Dataset entries ▸
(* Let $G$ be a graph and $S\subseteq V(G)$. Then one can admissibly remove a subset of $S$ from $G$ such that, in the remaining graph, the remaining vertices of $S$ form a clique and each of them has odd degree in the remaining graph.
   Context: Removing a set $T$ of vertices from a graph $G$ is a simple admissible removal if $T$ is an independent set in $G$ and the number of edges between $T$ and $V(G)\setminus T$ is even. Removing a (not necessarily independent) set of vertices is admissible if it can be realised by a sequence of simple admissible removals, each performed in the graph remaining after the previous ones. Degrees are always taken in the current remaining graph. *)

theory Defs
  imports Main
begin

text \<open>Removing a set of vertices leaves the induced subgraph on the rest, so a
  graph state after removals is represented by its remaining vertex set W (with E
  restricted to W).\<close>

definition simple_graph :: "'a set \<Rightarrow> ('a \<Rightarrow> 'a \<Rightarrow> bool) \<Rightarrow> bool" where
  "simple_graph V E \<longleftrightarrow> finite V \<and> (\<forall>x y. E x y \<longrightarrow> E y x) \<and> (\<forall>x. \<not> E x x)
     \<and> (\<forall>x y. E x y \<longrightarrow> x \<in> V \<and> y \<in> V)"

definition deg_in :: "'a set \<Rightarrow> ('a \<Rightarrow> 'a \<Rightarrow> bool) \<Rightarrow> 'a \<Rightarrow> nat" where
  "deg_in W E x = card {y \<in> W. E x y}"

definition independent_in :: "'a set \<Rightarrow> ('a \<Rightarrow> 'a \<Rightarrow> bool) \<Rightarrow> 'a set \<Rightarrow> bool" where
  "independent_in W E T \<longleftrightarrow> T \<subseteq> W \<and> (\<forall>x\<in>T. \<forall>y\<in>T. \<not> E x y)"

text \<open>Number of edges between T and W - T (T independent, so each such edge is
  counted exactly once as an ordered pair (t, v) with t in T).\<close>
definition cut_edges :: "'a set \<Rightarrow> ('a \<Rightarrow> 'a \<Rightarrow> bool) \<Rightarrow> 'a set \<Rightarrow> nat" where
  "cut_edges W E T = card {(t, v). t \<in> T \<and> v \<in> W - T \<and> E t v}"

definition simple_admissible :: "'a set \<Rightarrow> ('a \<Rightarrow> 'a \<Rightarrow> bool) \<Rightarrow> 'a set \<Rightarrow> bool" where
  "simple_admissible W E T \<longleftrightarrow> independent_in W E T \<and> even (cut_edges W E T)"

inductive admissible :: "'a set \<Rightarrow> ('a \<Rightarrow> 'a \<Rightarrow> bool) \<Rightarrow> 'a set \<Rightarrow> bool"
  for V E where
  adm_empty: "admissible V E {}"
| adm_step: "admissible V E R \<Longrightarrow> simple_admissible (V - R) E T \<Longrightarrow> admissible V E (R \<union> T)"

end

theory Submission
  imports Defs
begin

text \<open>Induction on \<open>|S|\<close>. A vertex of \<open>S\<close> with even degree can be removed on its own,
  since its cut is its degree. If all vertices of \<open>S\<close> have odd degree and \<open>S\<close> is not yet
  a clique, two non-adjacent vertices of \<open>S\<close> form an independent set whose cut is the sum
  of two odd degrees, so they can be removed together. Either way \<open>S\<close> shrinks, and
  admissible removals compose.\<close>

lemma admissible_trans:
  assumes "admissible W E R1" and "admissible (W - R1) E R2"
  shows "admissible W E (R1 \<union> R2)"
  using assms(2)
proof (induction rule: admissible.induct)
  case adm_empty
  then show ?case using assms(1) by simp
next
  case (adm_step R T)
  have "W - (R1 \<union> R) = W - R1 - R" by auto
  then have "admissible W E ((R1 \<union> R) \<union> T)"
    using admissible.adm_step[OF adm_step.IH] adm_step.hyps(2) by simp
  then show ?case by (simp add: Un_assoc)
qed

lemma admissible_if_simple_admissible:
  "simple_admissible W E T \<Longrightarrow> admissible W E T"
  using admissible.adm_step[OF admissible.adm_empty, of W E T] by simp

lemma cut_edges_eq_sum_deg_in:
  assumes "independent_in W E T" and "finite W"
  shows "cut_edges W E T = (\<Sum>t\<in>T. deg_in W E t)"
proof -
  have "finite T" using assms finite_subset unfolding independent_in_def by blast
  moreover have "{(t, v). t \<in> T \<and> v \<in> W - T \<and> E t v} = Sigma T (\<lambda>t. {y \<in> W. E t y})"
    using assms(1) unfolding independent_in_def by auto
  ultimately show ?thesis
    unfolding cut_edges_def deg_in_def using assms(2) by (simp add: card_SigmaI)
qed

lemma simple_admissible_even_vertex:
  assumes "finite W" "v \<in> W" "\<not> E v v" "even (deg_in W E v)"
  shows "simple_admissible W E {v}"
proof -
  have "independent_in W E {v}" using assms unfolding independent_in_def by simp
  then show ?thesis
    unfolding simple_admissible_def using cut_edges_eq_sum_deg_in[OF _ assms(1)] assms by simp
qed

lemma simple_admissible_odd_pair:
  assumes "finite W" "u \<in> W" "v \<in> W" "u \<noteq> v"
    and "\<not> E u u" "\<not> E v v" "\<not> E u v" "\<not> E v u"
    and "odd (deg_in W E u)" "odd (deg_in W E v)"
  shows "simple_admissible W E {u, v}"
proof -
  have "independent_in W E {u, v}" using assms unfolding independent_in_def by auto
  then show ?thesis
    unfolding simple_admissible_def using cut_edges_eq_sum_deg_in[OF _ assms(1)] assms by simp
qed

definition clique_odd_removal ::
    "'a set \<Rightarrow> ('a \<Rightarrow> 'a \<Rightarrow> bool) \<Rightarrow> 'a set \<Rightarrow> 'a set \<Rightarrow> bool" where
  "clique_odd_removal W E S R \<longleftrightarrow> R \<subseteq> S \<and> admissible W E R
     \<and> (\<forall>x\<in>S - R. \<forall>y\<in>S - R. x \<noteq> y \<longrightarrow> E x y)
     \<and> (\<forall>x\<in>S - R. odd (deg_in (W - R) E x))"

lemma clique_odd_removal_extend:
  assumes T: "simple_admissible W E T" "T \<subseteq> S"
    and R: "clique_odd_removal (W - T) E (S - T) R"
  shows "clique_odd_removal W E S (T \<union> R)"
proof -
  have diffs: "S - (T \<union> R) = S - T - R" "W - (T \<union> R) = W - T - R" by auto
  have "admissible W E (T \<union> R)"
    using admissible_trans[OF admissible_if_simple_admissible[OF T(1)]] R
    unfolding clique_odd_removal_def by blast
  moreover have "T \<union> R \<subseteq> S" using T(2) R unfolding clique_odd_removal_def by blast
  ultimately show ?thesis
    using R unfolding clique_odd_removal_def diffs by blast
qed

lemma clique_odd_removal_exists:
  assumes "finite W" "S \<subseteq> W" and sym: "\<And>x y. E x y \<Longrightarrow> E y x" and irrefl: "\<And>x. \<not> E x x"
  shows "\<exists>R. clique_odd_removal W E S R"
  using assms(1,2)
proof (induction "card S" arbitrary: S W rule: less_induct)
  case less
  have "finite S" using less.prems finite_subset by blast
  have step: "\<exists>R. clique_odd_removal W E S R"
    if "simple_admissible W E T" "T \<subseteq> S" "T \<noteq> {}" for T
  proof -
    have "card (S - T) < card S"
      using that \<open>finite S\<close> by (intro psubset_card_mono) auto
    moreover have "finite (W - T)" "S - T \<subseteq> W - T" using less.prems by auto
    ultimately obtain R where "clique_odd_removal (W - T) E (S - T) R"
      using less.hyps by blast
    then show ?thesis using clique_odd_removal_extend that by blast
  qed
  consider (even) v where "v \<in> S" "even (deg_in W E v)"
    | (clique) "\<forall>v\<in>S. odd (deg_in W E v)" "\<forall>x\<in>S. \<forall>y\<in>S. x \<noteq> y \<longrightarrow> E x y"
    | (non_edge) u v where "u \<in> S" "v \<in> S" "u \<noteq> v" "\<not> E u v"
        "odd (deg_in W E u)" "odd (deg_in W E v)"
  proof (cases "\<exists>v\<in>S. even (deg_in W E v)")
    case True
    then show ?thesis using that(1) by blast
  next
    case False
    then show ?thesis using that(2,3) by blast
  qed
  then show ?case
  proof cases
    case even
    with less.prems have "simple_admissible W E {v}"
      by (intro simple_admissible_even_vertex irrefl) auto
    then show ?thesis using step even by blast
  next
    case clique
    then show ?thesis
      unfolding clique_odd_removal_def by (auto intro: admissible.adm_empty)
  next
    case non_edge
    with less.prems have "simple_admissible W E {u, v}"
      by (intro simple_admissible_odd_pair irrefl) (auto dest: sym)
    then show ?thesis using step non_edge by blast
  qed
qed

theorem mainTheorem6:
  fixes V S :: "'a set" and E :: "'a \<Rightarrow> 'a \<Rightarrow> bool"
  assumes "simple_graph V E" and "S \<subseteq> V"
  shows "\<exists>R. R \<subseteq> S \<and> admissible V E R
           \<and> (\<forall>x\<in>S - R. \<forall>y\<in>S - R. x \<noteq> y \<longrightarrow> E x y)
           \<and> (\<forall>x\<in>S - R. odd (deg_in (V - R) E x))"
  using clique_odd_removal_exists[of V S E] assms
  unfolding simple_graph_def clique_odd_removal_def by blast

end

Task instructions ▸ Could you report how many lines of the entries include the word "assms"? Only the number is needed.

Written response ▸ 11